=== Task material ===
section \<open>Minimising an additive cost\<close>

text \<open>This covers the finite and the infinite horizon alike.\<close>
lemma decomposition_of_additive_cost:
  fixes J0 :: "(nat \<Rightarrow> 'u::comm_monoid_add) \<Rightarrow> 'c::{ordered_comm_monoid_add, conditionally_complete_linorder}"
  assumes combine: "\<And>us. \<forall>i\<in>I. us i \<in> S i \<Longrightarrow>
                      (\<lambda>t. \<Sum>i\<in>I. us i t) \<in> S0 \<and> J0 (\<lambda>t. \<Sum>i\<in>I. us i t) = (\<Sum>i\<in>I. J i (us i))"
    and split: "\<And>v. v \<in> S0 \<Longrightarrow> \<exists>us. (\<forall>i\<in>I. us i \<in> S i) \<and> J0 v = (\<Sum>i\<in>I. J i (us i))"
    and att: "\<forall>i\<in>I. \<exists>u. is_opt (S i) (J i) u"
  shows "opt_val S0 J0 = (\<Sum>i\<in>I. opt_val (S i) (J i))
         \<and> (\<forall>us. (\<forall>i\<in>I. is_opt (S i) (J i) (us i)) \<longrightarrow> is_opt S0 J0 (\<lambda>t. \<Sum>i\<in>I. us i t))"
proof -
  have opt_val_eq: "opt_val S J = J u" if "is_opt S J u"
    for S and J :: "(nat \<Rightarrow> 'u) \<Rightarrow> 'c" and u
    using that unfolding is_opt_def opt_val_def by (intro cInf_eq_minimum) auto
  have sum_optimal: "is_opt S0 J0 (\<lambda>t. \<Sum>i\<in>I. us i t)
                     \<and> opt_val S0 J0 = (\<Sum>i\<in>I. opt_val (S i) (J i))"
    if opt: "\<forall>i\<in>I. is_opt (S i) (J i) (us i)" for us
  proof -
    have adm: "\<forall>i\<in>I. us i \<in> S i" using opt unfolding is_opt_def by blast
    have "J0 (\<lambda>t. \<Sum>i\<in>I. us i t) \<le> J0 v" if "v \<in> S0" for v
    proof -
      obtain vs where vs: "\<forall>i\<in>I. vs i \<in> S i" "J0 v = (\<Sum>i\<in>I. J i (vs i))"
        using split[OF \<open>v \<in> S0\<close>] by blast
      have "(\<Sum>i\<in>I. J i (us i)) \<le> (\<Sum>i\<in>I. J i (vs i))"
        using opt vs(1) unfolding is_opt_def by (intro sum_mono) blast
      then show ?thesis using combine[OF adm] vs(2) by simp
    qed
    then have is_opt: "is_opt S0 J0 (\<lambda>t. \<Sum>i\<in>I. us i t)"
      using combine[OF adm] unfolding is_opt_def by blast
    have "opt_val S0 J0 = (\<Sum>i\<in>I. J i (us i))"
      using opt_val_eq[OF is_opt] combine[OF adm] by simp
    also have "\<dots> = (\<Sum>i\<in>I. opt_val (S i) (J i))"
      using opt opt_val_eq by (intro sum.cong refl) metis
    finally show ?thesis using is_opt by blast
  qed
  obtain us0 where "\<forall>i\<in>I. is_opt (S i) (J i) (us0 i)" using bchoice[OF att] by blast
  then show ?thesis using sum_optimal by blast
qed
===
*Problem to solve*. Every entry needs to be retyped exactly.

*Response area*.
section \<open>Minimising an additive cost\<close>

text \<open>This covers the finite and the infinite horizon alike.\<close>
lemma decomposition_of_additive_cost:
  fixes J0 :: "(nat \<Rightarrow> 'u::comm_monoid_add) \<Rightarrow> 'c::{ordered_comm_monoid_add, conditionally_complete_linorder}"
  assumes combine: "\<And>us. \<forall>i\<in>I. us i \<in> S i \<Longrightarrow>
                      (\<lambda>t. \<Sum>i\<in>I. us i t) \<in> S0 \<and> J0 (\<lambda>t. \<Sum>i\<in>I. us i t) = (\<Sum>i\<in>I. J i (us i))"
    and split: "\<And>v. v \<in> S0 \<Longrightarrow> \<exists>us. (\<forall>i\<in>I. us i \<in> S i) \<and> J0 v = (\<Sum>i\<in>I. J i (us i))"
    and att: "\<forall>i\<in>I. \<exists>u. is_opt (S i) (J i) u"
  shows "opt_val S0 J0 = (\<Sum>i\<in>I. opt_val (S i) (J i))
         \<and> (\<forall>us. (\<forall>i\<in>I. is_opt (S i) (J i) (us i)) \<longrightarrow> is_opt S0 J0 (\<lambda>t. \<Sum>i\<in>I. us i t))"
proof -
  have opt_val_eq: "opt_val S J = J u" if "is_opt S J u"
    for S and J :: "(nat \<Rightarrow> 'u) \<Rightarrow> 'c" and u
    using that unfolding is_opt_def opt_val_def by (intro cInf_eq_minimum) auto
  have sum_optimal: "is_opt S0 J0 (\<lambda>t. \<Sum>i\<in>I. us i t)
                     \<and> opt_val S0 J0 = (\<Sum>i\<in>I. opt_val (S i) (J i))"
    if opt: "\<forall>i\<in>I. is_opt (S i) (J i) (us i)" for us
  proof -
    have adm: "\<forall>i\<in>I. us i \<in> S i" using opt unfolding is_opt_def by blast
    have "J0 (\<lambda>t. \<Sum>i\<in>I. us i t) \<le> J0 v" if "v \<in> S0" for v
    proof -
      obtain vs where vs: "\<forall>i\<in>I. vs i \<in> S i" "J0 v = (\<Sum>i\<in>I. J i (vs i))"
        using split[OF \<open>v \<in> S0\<close>] by blast
      have "(\<Sum>i\<in>I. J i (us i)) \<le> (\<Sum>i\<in>I. J i (vs i))"
        using opt vs(1) unfolding is_opt_def by (intro sum_mono) blast
      then show ?thesis using combine[OF adm] vs(2) by simp
    qed
    then have is_opt: "is_opt S0 J0 (\<lambda>t. \<Sum>i\<in>I. us i t)"
      using combine[OF adm] unfolding is_opt_def by blast
    have "opt_val S0 J0 = (\<Sum>i\<in>I. J i (us i))"
      using opt_val_eq[OF is_opt] combine[OF adm] by simp
    also have "\<dots> = (\<Sum>i\<in>I. opt_val (S i) (J i))"
      using opt opt_val_eq by (intro sum.cong refl) metis
    finally show ?thesis using is_opt by blast
  qed
  obtain us0 where "\<forall>i\<in>I. is_opt (S i) (J i) (us0 i)" using bchoice[OF att] by blast
  then show ?thesis using sum_optimal by blast
qed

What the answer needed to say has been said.